* **Task requirements**: Gather each line in the entries that includes the string "False".

* **Supplied material**:
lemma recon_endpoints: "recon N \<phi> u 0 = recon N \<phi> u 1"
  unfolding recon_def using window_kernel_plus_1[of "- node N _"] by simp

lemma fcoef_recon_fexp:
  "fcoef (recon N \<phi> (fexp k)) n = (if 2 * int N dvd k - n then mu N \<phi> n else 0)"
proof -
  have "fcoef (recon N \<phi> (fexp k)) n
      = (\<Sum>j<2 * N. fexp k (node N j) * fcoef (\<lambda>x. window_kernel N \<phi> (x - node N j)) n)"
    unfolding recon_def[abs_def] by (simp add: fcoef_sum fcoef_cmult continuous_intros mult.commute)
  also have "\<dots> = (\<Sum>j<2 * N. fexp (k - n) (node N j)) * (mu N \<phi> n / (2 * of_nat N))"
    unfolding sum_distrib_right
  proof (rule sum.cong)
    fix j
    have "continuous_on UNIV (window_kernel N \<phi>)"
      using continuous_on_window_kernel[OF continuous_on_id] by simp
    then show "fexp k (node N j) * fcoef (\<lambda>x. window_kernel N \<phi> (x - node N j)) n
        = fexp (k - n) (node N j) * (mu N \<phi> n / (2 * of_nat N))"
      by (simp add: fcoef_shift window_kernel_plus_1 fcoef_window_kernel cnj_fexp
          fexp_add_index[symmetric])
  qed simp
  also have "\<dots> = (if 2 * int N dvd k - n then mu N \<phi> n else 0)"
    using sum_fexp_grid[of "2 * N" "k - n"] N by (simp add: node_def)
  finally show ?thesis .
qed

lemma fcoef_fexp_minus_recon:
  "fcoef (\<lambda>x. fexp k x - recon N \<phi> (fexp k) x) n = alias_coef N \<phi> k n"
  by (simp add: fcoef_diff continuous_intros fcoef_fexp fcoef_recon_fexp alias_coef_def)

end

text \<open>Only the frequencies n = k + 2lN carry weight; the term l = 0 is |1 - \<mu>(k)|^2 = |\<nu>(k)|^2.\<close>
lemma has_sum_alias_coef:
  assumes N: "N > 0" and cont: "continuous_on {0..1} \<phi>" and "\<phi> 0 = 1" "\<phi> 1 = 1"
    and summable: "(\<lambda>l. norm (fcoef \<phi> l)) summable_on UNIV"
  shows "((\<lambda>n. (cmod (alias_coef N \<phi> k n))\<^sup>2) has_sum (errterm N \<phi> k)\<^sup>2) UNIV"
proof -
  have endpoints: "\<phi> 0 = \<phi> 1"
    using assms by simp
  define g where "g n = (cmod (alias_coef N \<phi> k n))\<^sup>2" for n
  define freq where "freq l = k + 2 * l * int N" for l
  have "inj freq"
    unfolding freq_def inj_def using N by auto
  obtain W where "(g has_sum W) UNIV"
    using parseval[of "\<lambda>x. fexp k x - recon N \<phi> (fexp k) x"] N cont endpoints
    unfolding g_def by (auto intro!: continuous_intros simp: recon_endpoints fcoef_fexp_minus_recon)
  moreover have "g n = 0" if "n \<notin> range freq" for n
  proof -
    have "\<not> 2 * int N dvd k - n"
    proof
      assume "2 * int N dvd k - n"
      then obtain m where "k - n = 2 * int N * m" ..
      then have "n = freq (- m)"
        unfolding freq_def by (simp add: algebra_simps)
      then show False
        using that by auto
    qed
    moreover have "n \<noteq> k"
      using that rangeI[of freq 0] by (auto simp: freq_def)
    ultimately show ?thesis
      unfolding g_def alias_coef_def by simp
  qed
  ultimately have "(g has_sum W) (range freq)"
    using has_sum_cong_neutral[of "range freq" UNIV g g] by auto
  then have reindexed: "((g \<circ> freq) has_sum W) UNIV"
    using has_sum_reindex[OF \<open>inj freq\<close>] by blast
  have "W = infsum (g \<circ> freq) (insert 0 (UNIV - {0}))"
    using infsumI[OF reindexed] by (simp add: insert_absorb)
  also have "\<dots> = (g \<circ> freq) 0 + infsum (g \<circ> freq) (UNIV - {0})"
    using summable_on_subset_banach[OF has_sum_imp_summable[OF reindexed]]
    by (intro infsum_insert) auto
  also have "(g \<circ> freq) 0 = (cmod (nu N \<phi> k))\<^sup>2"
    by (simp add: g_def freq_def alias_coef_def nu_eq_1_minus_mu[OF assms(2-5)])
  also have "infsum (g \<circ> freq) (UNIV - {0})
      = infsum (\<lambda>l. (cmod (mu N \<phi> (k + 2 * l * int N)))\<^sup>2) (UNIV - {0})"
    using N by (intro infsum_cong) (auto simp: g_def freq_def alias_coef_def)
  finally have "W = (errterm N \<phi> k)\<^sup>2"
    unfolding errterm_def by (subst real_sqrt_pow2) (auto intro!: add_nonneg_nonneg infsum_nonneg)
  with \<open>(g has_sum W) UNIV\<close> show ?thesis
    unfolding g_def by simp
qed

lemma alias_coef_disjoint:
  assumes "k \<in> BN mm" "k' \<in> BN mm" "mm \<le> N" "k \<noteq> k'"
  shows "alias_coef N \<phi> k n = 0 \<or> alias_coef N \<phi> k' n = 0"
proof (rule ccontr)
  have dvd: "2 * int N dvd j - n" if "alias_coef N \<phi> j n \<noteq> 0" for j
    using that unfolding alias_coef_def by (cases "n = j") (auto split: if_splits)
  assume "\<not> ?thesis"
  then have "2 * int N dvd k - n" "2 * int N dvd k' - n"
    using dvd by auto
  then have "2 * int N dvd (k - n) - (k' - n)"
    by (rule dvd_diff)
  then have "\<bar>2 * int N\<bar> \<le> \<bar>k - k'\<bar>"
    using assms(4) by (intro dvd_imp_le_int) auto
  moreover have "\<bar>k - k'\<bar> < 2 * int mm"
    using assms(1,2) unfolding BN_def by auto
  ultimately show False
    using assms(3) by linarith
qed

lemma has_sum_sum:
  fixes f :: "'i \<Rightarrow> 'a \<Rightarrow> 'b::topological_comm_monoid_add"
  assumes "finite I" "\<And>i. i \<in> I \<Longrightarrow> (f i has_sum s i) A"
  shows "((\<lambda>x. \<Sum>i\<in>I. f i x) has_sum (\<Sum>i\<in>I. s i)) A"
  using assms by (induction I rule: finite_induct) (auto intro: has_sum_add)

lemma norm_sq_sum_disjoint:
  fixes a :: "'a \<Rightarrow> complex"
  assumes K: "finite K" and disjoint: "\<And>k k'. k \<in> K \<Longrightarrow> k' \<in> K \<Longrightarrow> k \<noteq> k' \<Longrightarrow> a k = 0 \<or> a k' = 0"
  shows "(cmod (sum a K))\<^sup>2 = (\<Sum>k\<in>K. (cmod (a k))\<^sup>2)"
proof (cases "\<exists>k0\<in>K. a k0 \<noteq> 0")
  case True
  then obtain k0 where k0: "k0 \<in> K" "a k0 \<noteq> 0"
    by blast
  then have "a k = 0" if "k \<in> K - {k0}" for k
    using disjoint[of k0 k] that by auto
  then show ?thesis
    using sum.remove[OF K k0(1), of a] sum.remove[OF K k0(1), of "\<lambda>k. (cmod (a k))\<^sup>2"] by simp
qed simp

* * *

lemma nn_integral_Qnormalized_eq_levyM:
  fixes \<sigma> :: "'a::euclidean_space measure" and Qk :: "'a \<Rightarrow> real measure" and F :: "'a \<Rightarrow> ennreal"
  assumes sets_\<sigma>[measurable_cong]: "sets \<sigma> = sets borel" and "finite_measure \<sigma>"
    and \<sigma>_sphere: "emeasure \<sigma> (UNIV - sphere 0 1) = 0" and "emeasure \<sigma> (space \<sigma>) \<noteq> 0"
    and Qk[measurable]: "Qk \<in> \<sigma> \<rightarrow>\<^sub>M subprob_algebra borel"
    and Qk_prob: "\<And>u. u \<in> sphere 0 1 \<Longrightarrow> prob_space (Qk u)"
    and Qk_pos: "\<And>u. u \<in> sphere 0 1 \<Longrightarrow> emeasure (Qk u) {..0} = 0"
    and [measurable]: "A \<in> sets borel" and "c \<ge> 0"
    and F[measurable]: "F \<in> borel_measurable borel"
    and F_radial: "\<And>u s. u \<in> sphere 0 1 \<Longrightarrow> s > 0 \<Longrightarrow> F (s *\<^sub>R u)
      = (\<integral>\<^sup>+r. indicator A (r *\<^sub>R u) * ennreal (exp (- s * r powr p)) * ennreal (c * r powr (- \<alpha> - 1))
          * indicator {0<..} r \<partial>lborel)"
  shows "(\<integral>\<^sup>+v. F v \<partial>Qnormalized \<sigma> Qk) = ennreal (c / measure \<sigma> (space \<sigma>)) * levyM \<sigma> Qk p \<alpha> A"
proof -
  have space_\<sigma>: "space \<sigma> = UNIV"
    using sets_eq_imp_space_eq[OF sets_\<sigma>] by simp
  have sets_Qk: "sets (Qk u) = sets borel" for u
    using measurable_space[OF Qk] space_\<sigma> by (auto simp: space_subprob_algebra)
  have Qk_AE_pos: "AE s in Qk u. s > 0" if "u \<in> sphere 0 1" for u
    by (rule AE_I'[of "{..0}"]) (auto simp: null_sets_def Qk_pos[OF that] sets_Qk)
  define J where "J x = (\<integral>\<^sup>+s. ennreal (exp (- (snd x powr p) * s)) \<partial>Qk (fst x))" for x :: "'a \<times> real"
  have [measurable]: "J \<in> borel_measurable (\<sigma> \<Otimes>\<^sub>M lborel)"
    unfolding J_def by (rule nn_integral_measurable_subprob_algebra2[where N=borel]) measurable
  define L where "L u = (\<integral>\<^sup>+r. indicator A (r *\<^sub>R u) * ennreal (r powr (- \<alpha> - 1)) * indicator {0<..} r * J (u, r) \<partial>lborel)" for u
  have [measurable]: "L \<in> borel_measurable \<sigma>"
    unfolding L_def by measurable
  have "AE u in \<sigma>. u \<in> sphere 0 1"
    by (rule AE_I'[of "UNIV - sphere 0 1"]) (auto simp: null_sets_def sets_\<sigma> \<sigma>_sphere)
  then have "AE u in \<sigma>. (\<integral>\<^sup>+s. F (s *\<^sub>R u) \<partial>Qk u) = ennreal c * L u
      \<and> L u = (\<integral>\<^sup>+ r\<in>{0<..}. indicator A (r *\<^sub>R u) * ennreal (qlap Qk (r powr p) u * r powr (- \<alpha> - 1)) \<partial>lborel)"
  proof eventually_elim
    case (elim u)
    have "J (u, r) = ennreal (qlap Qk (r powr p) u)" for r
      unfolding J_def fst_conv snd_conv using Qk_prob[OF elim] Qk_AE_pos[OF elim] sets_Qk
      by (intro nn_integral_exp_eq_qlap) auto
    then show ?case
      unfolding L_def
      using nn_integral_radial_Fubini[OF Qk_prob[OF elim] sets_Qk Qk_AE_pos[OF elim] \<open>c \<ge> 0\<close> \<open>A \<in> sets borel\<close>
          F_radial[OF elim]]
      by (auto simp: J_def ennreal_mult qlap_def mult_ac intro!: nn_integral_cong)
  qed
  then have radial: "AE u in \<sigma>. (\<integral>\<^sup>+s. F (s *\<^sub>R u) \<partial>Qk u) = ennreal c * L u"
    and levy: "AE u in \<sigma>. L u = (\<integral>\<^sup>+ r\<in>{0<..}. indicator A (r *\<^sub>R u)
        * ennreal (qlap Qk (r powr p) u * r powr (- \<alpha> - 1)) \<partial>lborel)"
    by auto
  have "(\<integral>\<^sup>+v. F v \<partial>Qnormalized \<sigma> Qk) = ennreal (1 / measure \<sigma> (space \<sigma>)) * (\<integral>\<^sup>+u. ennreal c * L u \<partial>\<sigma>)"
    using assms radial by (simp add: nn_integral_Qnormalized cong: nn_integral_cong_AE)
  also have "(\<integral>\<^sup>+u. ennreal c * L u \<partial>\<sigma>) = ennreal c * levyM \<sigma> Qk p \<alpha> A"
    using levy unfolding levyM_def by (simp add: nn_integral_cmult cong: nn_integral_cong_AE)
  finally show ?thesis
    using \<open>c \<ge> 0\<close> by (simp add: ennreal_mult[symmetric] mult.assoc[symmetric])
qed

---

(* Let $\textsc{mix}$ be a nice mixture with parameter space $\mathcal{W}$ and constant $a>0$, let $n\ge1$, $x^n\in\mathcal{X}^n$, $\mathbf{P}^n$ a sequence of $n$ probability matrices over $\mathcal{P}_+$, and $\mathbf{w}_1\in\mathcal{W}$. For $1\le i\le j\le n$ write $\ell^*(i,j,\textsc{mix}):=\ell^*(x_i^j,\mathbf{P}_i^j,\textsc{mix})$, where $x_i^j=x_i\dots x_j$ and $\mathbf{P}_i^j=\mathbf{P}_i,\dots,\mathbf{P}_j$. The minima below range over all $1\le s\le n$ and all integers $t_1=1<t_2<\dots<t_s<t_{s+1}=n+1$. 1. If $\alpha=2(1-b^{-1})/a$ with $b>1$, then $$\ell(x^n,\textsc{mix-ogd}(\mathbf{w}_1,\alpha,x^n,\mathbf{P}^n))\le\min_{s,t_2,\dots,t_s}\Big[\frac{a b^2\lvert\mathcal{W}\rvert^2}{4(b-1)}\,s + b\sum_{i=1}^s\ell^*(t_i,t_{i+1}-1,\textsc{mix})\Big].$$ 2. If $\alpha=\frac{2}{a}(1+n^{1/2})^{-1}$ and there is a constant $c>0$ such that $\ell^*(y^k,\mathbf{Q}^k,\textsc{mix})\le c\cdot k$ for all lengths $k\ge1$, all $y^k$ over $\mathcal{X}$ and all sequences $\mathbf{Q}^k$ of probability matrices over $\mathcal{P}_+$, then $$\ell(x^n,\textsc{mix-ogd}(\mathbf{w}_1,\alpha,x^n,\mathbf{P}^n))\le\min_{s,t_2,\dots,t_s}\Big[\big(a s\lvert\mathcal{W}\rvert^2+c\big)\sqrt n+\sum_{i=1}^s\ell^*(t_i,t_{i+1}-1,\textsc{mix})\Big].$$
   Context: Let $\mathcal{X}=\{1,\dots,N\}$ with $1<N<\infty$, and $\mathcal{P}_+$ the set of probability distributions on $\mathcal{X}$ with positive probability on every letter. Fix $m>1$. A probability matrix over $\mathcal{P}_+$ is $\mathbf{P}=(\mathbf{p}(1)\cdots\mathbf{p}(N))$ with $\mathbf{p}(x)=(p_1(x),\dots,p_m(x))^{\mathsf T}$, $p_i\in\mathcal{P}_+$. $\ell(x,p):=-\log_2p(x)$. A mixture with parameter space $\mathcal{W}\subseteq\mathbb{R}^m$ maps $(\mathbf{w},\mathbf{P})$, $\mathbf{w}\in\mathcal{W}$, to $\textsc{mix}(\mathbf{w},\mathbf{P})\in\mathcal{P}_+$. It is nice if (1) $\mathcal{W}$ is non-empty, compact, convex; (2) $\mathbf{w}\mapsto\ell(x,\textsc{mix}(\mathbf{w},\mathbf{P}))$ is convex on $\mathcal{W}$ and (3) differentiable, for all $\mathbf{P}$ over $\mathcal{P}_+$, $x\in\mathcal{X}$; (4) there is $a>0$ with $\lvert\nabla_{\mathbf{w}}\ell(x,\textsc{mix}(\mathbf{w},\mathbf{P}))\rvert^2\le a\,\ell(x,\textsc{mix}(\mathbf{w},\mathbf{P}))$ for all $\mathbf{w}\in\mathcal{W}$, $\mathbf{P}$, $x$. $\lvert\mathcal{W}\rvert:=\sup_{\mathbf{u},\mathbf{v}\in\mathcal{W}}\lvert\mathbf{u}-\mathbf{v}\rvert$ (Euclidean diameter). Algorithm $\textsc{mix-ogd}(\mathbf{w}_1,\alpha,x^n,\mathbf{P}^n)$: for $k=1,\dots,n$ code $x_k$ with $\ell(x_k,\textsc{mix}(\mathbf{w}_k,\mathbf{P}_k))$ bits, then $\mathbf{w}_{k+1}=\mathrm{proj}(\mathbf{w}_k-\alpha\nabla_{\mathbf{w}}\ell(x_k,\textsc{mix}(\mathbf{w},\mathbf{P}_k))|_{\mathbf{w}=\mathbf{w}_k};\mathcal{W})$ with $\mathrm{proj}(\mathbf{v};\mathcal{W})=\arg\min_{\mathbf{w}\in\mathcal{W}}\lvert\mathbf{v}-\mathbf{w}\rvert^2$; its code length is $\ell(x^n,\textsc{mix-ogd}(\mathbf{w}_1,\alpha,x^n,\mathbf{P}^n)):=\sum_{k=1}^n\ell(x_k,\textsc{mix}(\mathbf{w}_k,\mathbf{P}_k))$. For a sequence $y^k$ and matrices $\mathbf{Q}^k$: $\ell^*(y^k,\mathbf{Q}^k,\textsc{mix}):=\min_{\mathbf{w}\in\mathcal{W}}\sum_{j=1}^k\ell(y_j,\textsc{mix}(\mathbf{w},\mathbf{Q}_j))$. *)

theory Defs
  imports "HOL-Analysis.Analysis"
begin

* **Exercise output**:
      then show False
  ultimately show False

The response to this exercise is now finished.